_MATERIAL SHOWN_
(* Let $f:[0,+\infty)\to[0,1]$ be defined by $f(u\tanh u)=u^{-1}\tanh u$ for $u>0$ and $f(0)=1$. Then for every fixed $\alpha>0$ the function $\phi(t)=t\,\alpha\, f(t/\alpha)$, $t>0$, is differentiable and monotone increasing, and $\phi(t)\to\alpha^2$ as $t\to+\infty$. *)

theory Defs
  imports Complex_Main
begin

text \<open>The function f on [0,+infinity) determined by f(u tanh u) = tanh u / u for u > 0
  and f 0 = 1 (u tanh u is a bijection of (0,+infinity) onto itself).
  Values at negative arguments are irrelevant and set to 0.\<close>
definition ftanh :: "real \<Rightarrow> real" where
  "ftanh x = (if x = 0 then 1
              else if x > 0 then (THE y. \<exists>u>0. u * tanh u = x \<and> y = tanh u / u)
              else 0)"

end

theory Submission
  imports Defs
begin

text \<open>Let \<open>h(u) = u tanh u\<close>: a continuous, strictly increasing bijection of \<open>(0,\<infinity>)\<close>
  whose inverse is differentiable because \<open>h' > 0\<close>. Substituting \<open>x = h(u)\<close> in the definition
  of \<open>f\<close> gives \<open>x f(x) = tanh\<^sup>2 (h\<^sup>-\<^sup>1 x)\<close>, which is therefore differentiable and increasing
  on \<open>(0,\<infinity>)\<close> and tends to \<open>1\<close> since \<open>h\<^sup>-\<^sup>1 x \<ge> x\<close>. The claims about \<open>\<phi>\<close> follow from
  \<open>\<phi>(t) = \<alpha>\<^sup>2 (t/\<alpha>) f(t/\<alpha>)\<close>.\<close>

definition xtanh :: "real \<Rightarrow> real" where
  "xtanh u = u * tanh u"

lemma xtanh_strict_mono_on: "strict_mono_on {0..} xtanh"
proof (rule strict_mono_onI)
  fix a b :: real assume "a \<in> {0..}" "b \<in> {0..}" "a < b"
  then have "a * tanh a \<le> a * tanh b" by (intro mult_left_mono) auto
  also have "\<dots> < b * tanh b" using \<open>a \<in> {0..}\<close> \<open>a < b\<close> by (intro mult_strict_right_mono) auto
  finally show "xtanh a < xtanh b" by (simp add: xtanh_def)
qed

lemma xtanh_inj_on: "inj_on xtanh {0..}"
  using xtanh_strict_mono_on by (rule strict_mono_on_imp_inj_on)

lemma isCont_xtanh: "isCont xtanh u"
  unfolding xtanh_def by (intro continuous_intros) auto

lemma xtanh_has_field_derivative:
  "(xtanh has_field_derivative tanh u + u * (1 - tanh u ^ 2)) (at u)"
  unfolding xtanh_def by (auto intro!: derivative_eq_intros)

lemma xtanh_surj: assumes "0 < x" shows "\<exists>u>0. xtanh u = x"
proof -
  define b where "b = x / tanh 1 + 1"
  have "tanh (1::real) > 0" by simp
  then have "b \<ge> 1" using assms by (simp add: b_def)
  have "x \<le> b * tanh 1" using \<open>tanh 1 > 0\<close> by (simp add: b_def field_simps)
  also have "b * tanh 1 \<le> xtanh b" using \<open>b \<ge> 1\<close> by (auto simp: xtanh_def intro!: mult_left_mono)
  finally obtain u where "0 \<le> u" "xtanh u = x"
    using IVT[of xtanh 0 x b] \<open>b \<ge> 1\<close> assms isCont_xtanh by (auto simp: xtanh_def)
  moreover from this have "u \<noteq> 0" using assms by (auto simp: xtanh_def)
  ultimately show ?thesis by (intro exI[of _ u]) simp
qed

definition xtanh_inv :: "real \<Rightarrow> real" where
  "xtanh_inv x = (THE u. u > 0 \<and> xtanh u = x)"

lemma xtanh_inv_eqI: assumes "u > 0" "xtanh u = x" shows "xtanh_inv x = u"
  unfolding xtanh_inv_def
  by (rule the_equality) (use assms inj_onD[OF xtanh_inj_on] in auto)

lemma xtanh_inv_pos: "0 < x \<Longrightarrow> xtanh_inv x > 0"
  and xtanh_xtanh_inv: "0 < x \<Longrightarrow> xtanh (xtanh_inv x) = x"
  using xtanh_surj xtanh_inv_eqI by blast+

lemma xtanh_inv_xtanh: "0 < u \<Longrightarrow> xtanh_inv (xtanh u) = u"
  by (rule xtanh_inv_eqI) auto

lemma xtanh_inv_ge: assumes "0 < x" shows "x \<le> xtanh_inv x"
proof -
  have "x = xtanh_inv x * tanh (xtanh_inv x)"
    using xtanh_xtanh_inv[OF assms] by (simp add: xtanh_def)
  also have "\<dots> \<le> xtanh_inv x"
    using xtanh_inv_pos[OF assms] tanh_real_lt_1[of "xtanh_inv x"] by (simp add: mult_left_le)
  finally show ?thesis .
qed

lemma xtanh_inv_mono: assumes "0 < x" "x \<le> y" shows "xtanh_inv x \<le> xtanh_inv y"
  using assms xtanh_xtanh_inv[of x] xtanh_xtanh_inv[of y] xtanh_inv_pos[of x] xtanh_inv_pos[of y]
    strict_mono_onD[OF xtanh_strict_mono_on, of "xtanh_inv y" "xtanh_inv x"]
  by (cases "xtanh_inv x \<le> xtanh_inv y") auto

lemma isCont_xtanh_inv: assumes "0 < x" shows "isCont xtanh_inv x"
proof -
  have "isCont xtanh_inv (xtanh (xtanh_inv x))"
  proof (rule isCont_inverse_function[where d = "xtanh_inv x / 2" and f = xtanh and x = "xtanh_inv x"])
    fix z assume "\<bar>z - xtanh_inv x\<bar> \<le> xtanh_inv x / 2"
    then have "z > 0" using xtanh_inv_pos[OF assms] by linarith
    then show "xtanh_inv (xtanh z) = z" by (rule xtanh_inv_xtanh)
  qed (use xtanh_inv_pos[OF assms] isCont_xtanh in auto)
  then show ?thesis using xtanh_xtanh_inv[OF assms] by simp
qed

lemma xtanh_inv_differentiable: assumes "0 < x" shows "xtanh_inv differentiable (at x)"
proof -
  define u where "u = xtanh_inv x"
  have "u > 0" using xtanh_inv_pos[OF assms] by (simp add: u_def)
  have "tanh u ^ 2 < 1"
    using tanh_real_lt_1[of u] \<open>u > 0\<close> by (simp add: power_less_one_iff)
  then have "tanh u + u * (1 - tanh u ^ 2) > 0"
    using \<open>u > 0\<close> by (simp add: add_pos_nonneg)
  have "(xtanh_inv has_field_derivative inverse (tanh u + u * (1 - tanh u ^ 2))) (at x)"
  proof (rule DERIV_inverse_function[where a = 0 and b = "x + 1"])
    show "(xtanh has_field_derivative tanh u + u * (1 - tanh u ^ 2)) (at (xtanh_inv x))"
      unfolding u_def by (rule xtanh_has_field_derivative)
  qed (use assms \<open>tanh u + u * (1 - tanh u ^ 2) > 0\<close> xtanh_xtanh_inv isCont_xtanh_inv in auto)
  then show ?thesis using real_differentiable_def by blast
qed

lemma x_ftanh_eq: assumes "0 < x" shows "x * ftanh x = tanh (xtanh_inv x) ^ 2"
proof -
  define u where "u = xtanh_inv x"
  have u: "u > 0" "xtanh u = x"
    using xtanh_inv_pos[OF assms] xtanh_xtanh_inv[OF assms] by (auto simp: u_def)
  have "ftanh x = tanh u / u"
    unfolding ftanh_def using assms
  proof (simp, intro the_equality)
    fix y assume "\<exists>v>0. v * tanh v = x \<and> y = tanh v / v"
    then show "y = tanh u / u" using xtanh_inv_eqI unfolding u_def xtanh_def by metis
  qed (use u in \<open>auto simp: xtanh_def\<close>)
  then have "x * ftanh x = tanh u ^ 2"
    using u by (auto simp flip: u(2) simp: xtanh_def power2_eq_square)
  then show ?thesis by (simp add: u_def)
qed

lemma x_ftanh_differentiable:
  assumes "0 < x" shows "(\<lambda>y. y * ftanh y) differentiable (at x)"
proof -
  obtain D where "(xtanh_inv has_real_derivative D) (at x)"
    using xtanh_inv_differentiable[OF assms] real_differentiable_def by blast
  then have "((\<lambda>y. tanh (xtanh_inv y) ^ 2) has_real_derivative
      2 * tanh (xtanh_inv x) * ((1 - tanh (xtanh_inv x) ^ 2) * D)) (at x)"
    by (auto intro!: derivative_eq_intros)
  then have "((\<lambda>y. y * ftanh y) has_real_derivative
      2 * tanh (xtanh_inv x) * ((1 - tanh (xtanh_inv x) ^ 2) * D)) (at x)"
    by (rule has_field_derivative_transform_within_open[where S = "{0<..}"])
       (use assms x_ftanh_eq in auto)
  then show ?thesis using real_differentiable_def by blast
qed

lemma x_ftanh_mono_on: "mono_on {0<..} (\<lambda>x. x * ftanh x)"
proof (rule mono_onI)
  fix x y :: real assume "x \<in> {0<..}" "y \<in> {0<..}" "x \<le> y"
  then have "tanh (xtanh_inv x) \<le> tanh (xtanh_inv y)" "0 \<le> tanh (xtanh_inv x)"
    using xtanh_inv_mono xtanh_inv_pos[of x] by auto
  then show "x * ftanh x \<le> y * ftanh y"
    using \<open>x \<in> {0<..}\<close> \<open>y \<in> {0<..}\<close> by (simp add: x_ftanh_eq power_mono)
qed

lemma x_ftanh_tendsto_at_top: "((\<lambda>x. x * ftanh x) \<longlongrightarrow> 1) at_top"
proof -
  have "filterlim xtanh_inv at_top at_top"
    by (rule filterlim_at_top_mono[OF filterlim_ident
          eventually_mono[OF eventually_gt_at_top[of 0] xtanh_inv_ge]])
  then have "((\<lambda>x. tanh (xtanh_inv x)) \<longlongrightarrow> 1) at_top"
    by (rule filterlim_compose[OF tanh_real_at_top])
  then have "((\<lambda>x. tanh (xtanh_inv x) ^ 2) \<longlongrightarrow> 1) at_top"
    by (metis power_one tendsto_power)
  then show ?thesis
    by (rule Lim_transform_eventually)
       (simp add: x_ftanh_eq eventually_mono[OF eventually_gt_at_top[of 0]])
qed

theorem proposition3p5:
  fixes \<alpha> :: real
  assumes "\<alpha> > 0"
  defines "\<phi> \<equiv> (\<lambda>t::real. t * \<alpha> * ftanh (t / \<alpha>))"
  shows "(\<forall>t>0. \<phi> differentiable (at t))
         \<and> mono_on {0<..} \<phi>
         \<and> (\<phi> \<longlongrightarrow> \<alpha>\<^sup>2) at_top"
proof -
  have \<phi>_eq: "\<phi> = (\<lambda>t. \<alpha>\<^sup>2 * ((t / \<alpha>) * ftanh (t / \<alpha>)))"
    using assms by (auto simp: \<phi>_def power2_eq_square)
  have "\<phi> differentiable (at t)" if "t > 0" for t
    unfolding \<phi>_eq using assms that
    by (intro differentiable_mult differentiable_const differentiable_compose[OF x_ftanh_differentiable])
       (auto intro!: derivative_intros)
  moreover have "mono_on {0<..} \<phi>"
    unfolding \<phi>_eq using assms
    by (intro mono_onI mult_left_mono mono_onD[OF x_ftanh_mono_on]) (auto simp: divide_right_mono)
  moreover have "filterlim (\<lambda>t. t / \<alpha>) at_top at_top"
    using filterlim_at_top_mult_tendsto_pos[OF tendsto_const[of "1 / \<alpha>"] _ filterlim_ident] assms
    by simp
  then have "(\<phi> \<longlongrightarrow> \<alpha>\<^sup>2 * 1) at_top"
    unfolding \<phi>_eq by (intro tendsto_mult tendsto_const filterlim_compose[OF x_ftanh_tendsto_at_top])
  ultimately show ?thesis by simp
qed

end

_WHAT IS REQUIRED_
Would you filter the entries above and keep each line that has the word "ultimately"?

_TASK SOLUTION_
  ultimately show ?thesis by (intro exI[of _ u]) simp
  ultimately show ?thesis by simp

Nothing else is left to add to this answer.